Storie
Vessata per 30 anni: storia di Roberta e del figlio (violento come il padre)
È uno dei casi seguiti dal centro Calypso e contenuto nel volume “Amore è gioia” di Pilar Castiglia
Lei è Roberta (il nome è di fantasia) e quando ha deciso di reagire aveva 60 anni, metà dei quali vissuti in un inferno. L’inferno delle quattro mura, con un marito che la picchiava, la insultava, la minacciava, la denigrava, la controllava, quotidianamente.
Quella di Roberta è una delle storie seguite dal centro antiviolenza ed antistalking Calypso, con sede a Biancavilla e diretto dall’avv. Pilar Castiglia. Una storia che la stessa Castiglia ha inserito nel volume “Amore è gioia”, pubblicato da Nero su Bianco Edizioni con prefazione di Roberta Rei (conduttrice e inviata de “Le Iene”).
Roberta si è confidata con il legale, raccontandole i maltrattamenti subiti dal marito. Le ha raccontato «di quando in spiaggia l’ha colpita con l’ombrellone, di quando l’ha minacciata con un coltello, di quando la svegliava nel cuore della notte e la prendeva a pugni e a calci, di quando la frustava con una cintura, di quando passava la cintura nell’olio e frustava i figli, di quando la inseguiva intorno al tavolo per picchiarla, di quando le ha lanciato addosso un piatto, di quando controllava gli scontrini della spesa e se i conti non gli tornavano, la prendeva per i capelli per farle dire come avesse speso il denaro, di quando la chiudeva in casa, impedendole di uscire. Tutto ciò in presenza dei suoi due figli, che sono cresciuti a pane e violenza».
Giustizia è fatta
Parole crude, come quelle che ricostruiscono tutte le altre storie contenute nel libro. Roberta, affidandosi all’avv. Castiglia, ha avuto il coraggio di denunciare, per poi essere trasferita in una casa rifugio, sostenuta anche dal figlio Paolo.
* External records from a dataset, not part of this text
lemma is_biproduct_even_odd_sel:
  "is_biproduct (2 * m) m (even_sel m) (even_sel m)\<^sup>T m (odd_sel m) (odd_sel m)\<^sup>T"
proof -
  have "i \<in> (\<lambda>p. 2 * p) ` {..<m} \<union> (\<lambda>p. 2 * p + 1) ` {..<m}" if "i < 2 * m" for i
  proof (cases "even i")
    case True
    then show ?thesis using that by (auto intro!: image_eqI[of _ _ "i div 2"])
  next
    case False
    then show ?thesis using that by (auto intro!: image_eqI[of _ _ "i div 2"] elim!: oddE)
  qed
  then have "(\<lambda>p. 2 * p) ` {..<m} \<union> (\<lambda>p. 2 * p + 1) ` {..<m} = {..<2 * m}" by auto
  moreover have "2 * p \<noteq> 2 * q + 1" for p q :: nat by presburger
  then have "(\<lambda>p. 2 * p) ` {..<m} \<inter> (\<lambda>p. 2 * p + 1) ` {..<m} = {}" by auto
  ultimately show ?thesis
    unfolding even_sel_def odd_sel_def by (intro is_biproduct_select_mat) (auto simp: inj_on_def)
qed

lemma J2perp_eq_even_odd_sel: "J2perp m = even_sel m * (odd_sel m)\<^sup>T"
proof -
  have inj: "inj_on (\<lambda>p. 2 * p) {..<m}" by (simp add: inj_on_def)
  have "(even i \<and> j = i + 1) \<longleftrightarrow> (\<exists>p<m. i = 2 * p \<and> j = 2 * p + 1)" if "i < 2 * m" for i j
    using that by (auto elim!: evenE)
  then show ?thesis
    unfolding J2perp_def even_sel_def odd_sel_def select_mat_mult_transpose[OF inj]
    by (intro eq_matI) auto
qed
«Il figlio di Roberta, trentenne, confermava il racconto della madre. Era arrabbiato, ce l’aveva con tutti. Diceva che nessuno avrebbe aiutato sua madre, diceva che prima o poi il padre la avrebbe uccisa, diceva che aveva paura per lei».
Il marito violento, però, è stato arrestato e, con rito abbreviato, è stato condannato a due anni di reclusione.
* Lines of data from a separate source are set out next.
definition kan_hybrid :: "nat \<Rightarrow> (nat \<Rightarrow> tensor3) \<Rightarrow> (nat \<Rightarrow> tensor3) \<Rightarrow> nat \<Rightarrow> tensor3" where
  "kan_hybrid J A' A = (\<lambda>l. if l \<le> J then A' l else A l)"

lemma kan_z_cong:
  assumes "\<And>l. 1 \<le> l \<Longrightarrow> l \<le> j \<Longrightarrow> A l = A' l"
  shows "kan_z b nd n A x j = kan_z b nd n A' x j"
  using assms by (induction j) auto

lemma kan_hybrid_step_bound:
  assumes bounded: "\<And>k y. k < nd \<Longrightarrow> \<bar>b k y\<bar> \<le> B" and B: "0 \<le> B"
    and lip: "\<And>k. k < nd \<Longrightarrow> Lb-lipschitz_on UNIV (b k)" and Lb: "0 \<le> Lb"
    and A_bound: "\<And>l. l \<in> {1..L} \<Longrightarrow> frob3 (n l) (n (Suc l)) nd (A l) \<le> M"
    and j: "1 \<le> j" "j \<le> m" "m \<le> L"
  shows "vnorm2 (n (Suc m)) (\<lambda>q. kan_z b nd n (kan_hybrid j A' A) x m q - kan_z b nd n (kan_hybrid (j - 1) A' A) x m q)
    \<le> (M * Lb * sqrt (real nd)) ^ (m - j) * (B * sqrt (real (n j) * real nd))
      * frob3 (n j) (n (Suc j)) nd (\<lambda>p q k. A' j p q k - A j p q k)"
  using j(2)
proof (induction m rule: dec_induct)
  case base
  obtain i where i: "j = Suc i" using j(1) by (cases j) auto
  have "kan_z b nd n (kan_hybrid j A' A) x i = kan_z b nd n (kan_hybrid i A' A) x i"
    unfolding i kan_hybrid_def by (rule kan_z_cong) auto
  then show ?case
    using kan_layer_param_diff[OF bounded B, where m = "n (Suc j)" and nl = "n j" and A = "A' j" and A' = "A j"]
    unfolding i by (simp add: kan_hybrid_def mult_ac)
next
  case (step i)
  let ?z1 = "kan_z b nd n (kan_hybrid j A' A) x i" and ?z0 = "kan_z b nd n (kan_hybrid (j - 1) A' A) x i"
  have A_m: "frob3 (n (Suc i)) (n (Suc (Suc i))) nd (A (Suc i)) \<le> M"
    using A_bound step j(3) by auto
  have M: "0 \<le> M" using frob3_nonneg A_m by (rule order_trans)
  have "kan_hybrid j A' A (Suc i) = A (Suc i)" "kan_hybrid (j - 1) A' A (Suc i) = A (Suc i)"
    using step.hyps by (auto simp: kan_hybrid_def)
  then have "vnorm2 (n (Suc (Suc i))) (\<lambda>q. kan_z b nd n (kan_hybrid j A' A) x (Suc i) q
        - kan_z b nd n (kan_hybrid (j - 1) A' A) x (Suc i) q)
      = vnorm2 (n (Suc (Suc i))) (\<lambda>q. kan_layer b nd (n (Suc i)) (A (Suc i)) ?z1 q
        - kan_layer b nd (n (Suc i)) (A (Suc i)) ?z0 q)"
    by (simp only: kan_z.simps)
  also have "\<dots> \<le> frob3 (n (Suc i)) (n (Suc (Suc i))) nd (A (Suc i)) * (Lb * sqrt (real nd))
      * vnorm2 (n (Suc i)) (\<lambda>q. ?z1 q - ?z0 q)"
    by (rule kan_layer_lipschitz[OF lip Lb])
  also have "\<dots> \<le> M * (Lb * sqrt (real nd)) * vnorm2 (n (Suc i)) (\<lambda>q. ?z1 q - ?z0 q)"
    using A_m Lb vnorm2_nonneg by (intro mult_right_mono) simp_all
  also have "\<dots> \<le> M * (Lb * sqrt (real nd)) * ((M * Lb * sqrt (real nd)) ^ (i - j)
      * (B * sqrt (real (n j) * real nd)) * frob3 (n j) (n (Suc j)) nd (\<lambda>p q k. A' j p q k - A j p q k))"
    using step.IH M Lb by (intro mult_left_mono) auto
  finally show ?case
    using step.hyps by (simp add: Suc_diff_le mult_ac)
qed

lemma kan_perturbation_bound:
  assumes bounded: "\<And>k y. k < nd \<Longrightarrow> \<bar>b k y\<bar> \<le> B" and B: "0 \<le> B"
    and lip: "\<And>k. k < nd \<Longrightarrow> Lb-lipschitz_on UNIV (b k)" and Lb: "0 \<le> Lb"
    and A_bound: "\<And>l. l \<in> {1..L} \<Longrightarrow> frob3 (n l) (n (Suc l)) nd (A l) \<le> M"
  shows "vnorm2 (n (Suc L)) (\<lambda>q. kan L b nd n A' x q - kan L b nd n A x q)
    \<le> (\<Sum>l = 1..L. (M * Lb * sqrt (real nd)) ^ (L - l) * (B * sqrt (real (n l) * real nd))
        * frob3 (n l) (n (Suc l)) nd (\<lambda>p q k. A' l p q k - A l p q k))"
proof -
  define out where "out J = kan_z b nd n (kan_hybrid J A' A) x L" for J
  define c where "c l = (M * Lb * sqrt (real nd)) ^ (L - l) * (B * sqrt (real (n l) * real nd))
      * frob3 (n l) (n (Suc l)) nd (\<lambda>p q k. A' l p q k - A l p q k)" for l
  have telescope: "vnorm2 (n (Suc L)) (\<lambda>q. out J q - out 0 q) \<le> (\<Sum>l = 1..J. c l)" if "J \<le> L" for J
    using that
  proof (induction J)
    case 0
    then show ?case by (simp add: vnorm2_def)
  next
    case (Suc J)
    have "vnorm2 (n (Suc L)) (\<lambda>q. out (Suc J) q - out 0 q)
        \<le> vnorm2 (n (Suc L)) (\<lambda>q. out (Suc J) q - out J q) + vnorm2 (n (Suc L)) (\<lambda>q. out J q - out 0 q)"
      using vnorm2_triangle[of _ "\<lambda>q. out (Suc J) q - out J q" "\<lambda>q. out J q - out 0 q"] by simp
    also have "\<dots> \<le> c (Suc J) + (\<Sum>l = 1..J. c l)"
      using kan_hybrid_step_bound[where b = b and nd = nd and n = n and L = L and A = A and A' = A'
          and x = x and j = "Suc J" and m = L, OF bounded B lip Lb A_bound] Suc
      unfolding out_def c_def by (intro add_mono) auto
    finally show ?case by simp
  qed
  have "out L = kan L b nd n A' x" "out 0 = kan L b nd n A x"
    unfolding out_def kan_def kan_hybrid_def by (rule kan_z_cong, simp)+
  with telescope[OF order_refl] show ?thesis unfolding c_def by simp
qed

lemma bchoice4:
  assumes "\<forall>x\<in>S. \<exists>a b c d. P x a b c d"
  shows "\<exists>a b c d. \<forall>x\<in>S. P x (a x) (b x) (c x) (d x)"
proof -
  from assms have "\<forall>x\<in>S. \<exists>t. P x (fst t) (fst (snd t)) (fst (snd (snd t))) (snd (snd (snd t)))"
    by force
  from bchoice[OF this] obtain t
    where "\<forall>x\<in>S. P x (fst (t x)) (fst (snd (t x))) (fst (snd (snd (t x)))) (snd (snd (snd (t x))))"
    by blast
  then show ?thesis
    by (intro exI[of _ "\<lambda>x. fst (t x)"] exI[of _ "\<lambda>x. fst (snd (t x))"]
        exI[of _ "\<lambda>x. fst (snd (snd (t x)))"] exI[of _ "\<lambda>x. snd (snd (snd (t x)))"])
qed

lemma kan_tucker_adaptation_bound:
  assumes bounded: "\<And>k z. k < nd \<Longrightarrow> \<bar>b k z\<bar> \<le> B" and B: "0 \<le> B"
    and lip: "\<And>k. k < nd \<Longrightarrow> Lb-lipschitz_on UNIV (b k)" and Lb: "0 \<le> Lb"
    and tg_bd: "\<And>l. l \<in> {1..L} \<Longrightarrow> frob3 (n l) (n (Suc l)) nd (Atg l) \<le> M"
    and fit: "\<And>l. l \<in> {1..L} \<Longrightarrow> \<exists>G U1 U2 U3. frob3 (n l) (n (Suc l)) nd
      (\<lambda>p q k. tucker (r1 l) (r2 l) (r3 l) G U1 U2 U3 p q k - (Atg l p q k - Apt l p q k)) \<le> \<tau> l"
  shows "\<exists>G U1 U2 U3. \<forall>x. vnorm2 (n (Suc L))
      (\<lambda>q. kan L b nd n (\<lambda>l p q k. Apt l p q k + tucker (r1 l) (r2 l) (r3 l) (G l) (U1 l) (U2 l) (U3 l) p q k) x q
        - kan L b nd n Atg x q)
    \<le> (\<Sum>l = 1..L. (M * Lb * sqrt (real nd)) ^ (L - l) * (B * sqrt (real (n l) * real nd)) * \<tau> l)"
proof -
  from fit have "\<forall>l\<in>{1..L}. \<exists>G U1 U2 U3. frob3 (n l) (n (Suc l)) nd
      (\<lambda>p q k. tucker (r1 l) (r2 l) (r3 l) G U1 U2 U3 p q k - (Atg l p q k - Apt l p q k)) \<le> \<tau> l"
    by blast
  from bchoice4[OF this] obtain G U1 U2 U3 where G: "\<forall>l\<in>{1..L}. frob3 (n l) (n (Suc l)) nd
      (\<lambda>p q k. tucker (r1 l) (r2 l) (r3 l) (G l) (U1 l) (U2 l) (U3 l) p q k - (Atg l p q k - Apt l p q k)) \<le> \<tau> l"
    by blast
  define Aft where "Aft l p q k = Apt l p q k + tucker (r1 l) (r2 l) (r3 l) (G l) (U1 l) (U2 l) (U3 l) p q k"
    for l p q k
  have "vnorm2 (n (Suc L)) (\<lambda>q. kan L b nd n Aft x q - kan L b nd n Atg x q)
      \<le> (\<Sum>l = 1..L. (M * Lb * sqrt (real nd)) ^ (L - l) * (B * sqrt (real (n l) * real nd)) * \<tau> l)" for x
  proof -
    have "vnorm2 (n (Suc L)) (\<lambda>q. kan L b nd n Aft x q - kan L b nd n Atg x q)
      \<le> (\<Sum>l = 1..L. (M * Lb * sqrt (real nd)) ^ (L - l) * (B * sqrt (real (n l) * real nd))
          * frob3 (n l) (n (Suc l)) nd (\<lambda>p q k. Aft l p q k - Atg l p q k))"
      by (rule kan_perturbation_bound[where b = b and nd = nd and n = n and A = Atg, OF bounded B lip Lb tg_bd])
    also have "\<dots> \<le> (\<Sum>l = 1..L. (M * Lb * sqrt (real nd)) ^ (L - l) * (B * sqrt (real (n l) * real nd)) * \<tau> l)"
    proof (rule sum_mono)
      fix l assume l: "l \<in> {1..L}"
      have "0 \<le> M" using frob3_nonneg tg_bd[OF l] by (rule order_trans)
      then show "(M * Lb * sqrt (real nd)) ^ (L - l) * (B * sqrt (real (n l) * real nd))
          * frob3 (n l) (n (Suc l)) nd (\<lambda>p q k. Aft l p q k - Atg l p q k)
        \<le> (M * Lb * sqrt (real nd)) ^ (L - l) * (B * sqrt (real (n l) * real nd)) * \<tau> l"
        using G l B Lb by (intro mult_left_mono) (auto simp: Aft_def algebra_simps)
    qed
    finally show ?thesis .
  qed
  then show ?thesis unfolding Aft_def by blast
qed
Il figlio fotocopia del padre
«Ma il figlio di Roberta –racconta ancora Castiglia– continuava ad essere arrabbiato, quasi aggressivo: non gli andavano mai bene i risultati raggiunti. È come se volesse sempre di più. Io gli ho spiegato che il suo dolore non poteva sfogarlo in tribunale. Gli ho detto che il suo dolore e la sua rabbia dovevano essere elaborati in un percorso di terapia psicologica e che nessun Giudice avrebbe potuto cancellarli. Paolo, come tutti i figli della violenza, ha l’anima ferita a morte… era sempre più aggressivo e se la prendeva con me, con i Carabinieri, con il Giudice, con il “sistema”, che secondo lui non funzionava, quando, invece, il sistema ha funzionato benissimo ed anche velocemente».
«La verità –sottolinea Castiglia– è che anche lui era violento. Odiava il padre, ma di fatto era diventato come lui. La sua fotocopia. I figli si crescono con l’esempio e i figli che crescono vedendo il padre che picchia la madre ritengo che non possano imparare nulla di diverso. Tendenzialmente, i maschi che assistono alla violenza del padre sulla madre imparano a picchiare e le femmine, invece, imparano a subire».
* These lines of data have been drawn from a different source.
(* Let $T$ be a positive integer and $M$ a complex vector space. Let $A(x_1,x_2)\in M((x_1^{1/T}))((x_2^{1/T}))$, $B(x_2,x_1)\in M((x_2^{1/T}))((x_1^{1/T}))$ and $C(x_2,x_0)\in M((x_2^{1/T}))((x_0))$. Then the following three conditions are equivalent. (1) There is $F\in M[[x_1^{1/T},x_2^{1/T}]][x_1^{-1/T},x_2^{-1/T},(x_1-x_2)^{-1}]$ with $\iota_{x_1,x_2}F=A(x_1,x_2)$, $\iota_{x_2,x_1}F=B(x_2,x_1)$ and $\iota_{x_2,x_1-x_2}F=C(x_2,x_1-x_2)$. (2) There are $C^{[s]}(x_2,x_0)\in M((x_2^{1/T}))((x_0))$, $s=0,\dots,T-1$, with $\sum_{s=0}^{T-1}C^{[s]}=C$ and, for every $s$, $$x_0^{-1}\delta\Big(\frac{x_1-x_2}{x_0}\Big)A(x_1,x_2)^{s,x_1}-x_0^{-1}\delta\Big(\frac{-x_2+x_1}{x_0}\Big)B(x_2,x_1)^{s,x_1}=x_1^{-1}\Big(\frac{x_2+x_0}{x_1}\Big)^{-s/T}\delta\Big(\frac{x_2+x_0}{x_1}\Big)C^{[s]}(x_2,x_0).$$ (3) There are positive integers $l,q$ and $C^{[s]}(x_2,x_0)\in M((x_2^{1/T}))((x_0))$, $s=0,\dots,T-1$, with $\sum_{s}C^{[s]}=C$, $(x_1-x_2)^lA(x_1,x_2)=(x_1-x_2)^lB(x_2,x_1)$ in $M[[x_1^{\pm1/T},x_2^{\pm1/T}]]$, and for every $s$ $$\iota_{x_0,x_2}(x_0+x_2)^{-s/T+q}\big(A(x_1,x_2)^{s,x_1}\big)|_{x_1=x_0+x_2}=\iota_{x_2,x_0}(x_2+x_0)^{-s/T+q}C^{[s]}(x_2,x_0)$$ in $M[[x_0^{\pm1},x_2^{\pm1/T}]]$. Moreover, in this case $F$ and the $C^{[s]}$ ($s=0,\dots,T-1$) are uniquely determined by $A,B,C$ (and the $C^{[s]}$ in (2) and (3) coincide).
   Context: $M((x^{1/T}))$ denotes series $\sum_{i\in\frac1T\mathbb Z}m_ix^i$ with $m_i=0$ for $i$ sufficiently negative. For a series $X(x_1,x_2)=\sum_{i,j\in\frac1T\mathbb Z}X_{ij}x_1^ix_2^j$ (possibly also multiplied by powers $(x_1-x_2)^k$, $k\in\mathbb Z$), $X^{s,x_1}$ denotes the sub-sum over terms whose exponent $i$ of $x_1$ lies in $s/T+\mathbb Z$. The maps $\iota$ are defined on monomials $c\,x_1^jx_2^k(x_1-x_2)^l$ ($c\in M$, $j,k\in\frac1T\mathbb Z$, $l\in\mathbb Z$) and extended linearly: $\iota_{x_1,x_2}$ gives $\sum_{i\ge0}\binom li(-1)^ic\,x_1^{j+l-i}x_2^{k+i}$; $\iota_{x_2,x_1}$ gives $\sum_{i\ge0}\binom li(-1)^{l-i}c\,x_2^{k+l-i}x_1^{j+i}$; $\iota_{x_2,x_1-x_2}$ gives $\sum_{i\ge0}\binom ji c\,x_2^{k+j-i}(x_1-x_2)^{l+i}$. $\delta(z)=\sum_{n\in\mathbb Z}z^n$, and binomial expressions $(x_2+x_0)^{c}$, $(x_1-x_2)^c$ etc. are expanded in nonnegative integer powers of the second variable; $\iota_{x_0,x_2}$ means expansion in nonnegative powers of $x_2$ and $\iota_{x_2,x_0}$ in nonnegative powers of $x_0$. *)

theory Defs
  imports "HOL-Analysis.Analysis" "HOL-Library.Groups_Big_Fun"
begin

(* M is a complex vector space given by an abelian group 'm with scalar multiplication
   sc :: complex => 'm => 'm satisfying vector_space sc.
   A series in x1^{1/T}, x2^{1/T} is a function X :: int => int => 'm, X a b being the
   coefficient of x1^{a/T} x2^{b/T}.  A series C(x2,x0) is C :: int => int => 'm, C b n being
   the coefficient of x2^{b/T} x0^n.  Three-variable series (x0 integral, x1,x2 fractional)
   are functions m a b (coefficient of x0^m x1^{a/T} x2^{b/T}).
   Infinite sums that are formally finite are written with Sum_any (sum over the support). *)

(* X i j = coefficient of y^i z^j;  laurent2 X  <->  X in M((y))((z)) *)
definition laurent2 :: "(int \<Rightarrow> int \<Rightarrow> 'm::zero) \<Rightarrow> bool" where
  "laurent2 X \<longleftrightarrow> (\<exists>N. \<forall>i j. j < N \<longrightarrow> X i j = 0) \<and> (\<forall>j. \<exists>N. \<forall>i. i < N \<longrightarrow> X i j = 0)"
La dinamica della “riconciliazione”
In storie come queste, il capitolo finale, spesso, non è quello della sentenza di condanna del maltrattante. Scattano meccanismi piscologici che fanno crollare il lungo e faticoso lavoro di riscatto. Così, Roberta, dopo qualche tempo dalla condanna inflitta al marito, contatta nuovamente l’avv. Pilar Castiglia. Aveva una voce flebile: «Le ho telefonato per dirle che io e mio marito abbiamo fatto pace. Siamo tornati insieme. Io sono felice. Lui è cambiato». E il figlio? «Paolo è contento. È stato lui a farmi fare pace con suo padre non appena è stato scarcerato. La saluto, avvocato. Grazie di tutto. Lei è una grande donna».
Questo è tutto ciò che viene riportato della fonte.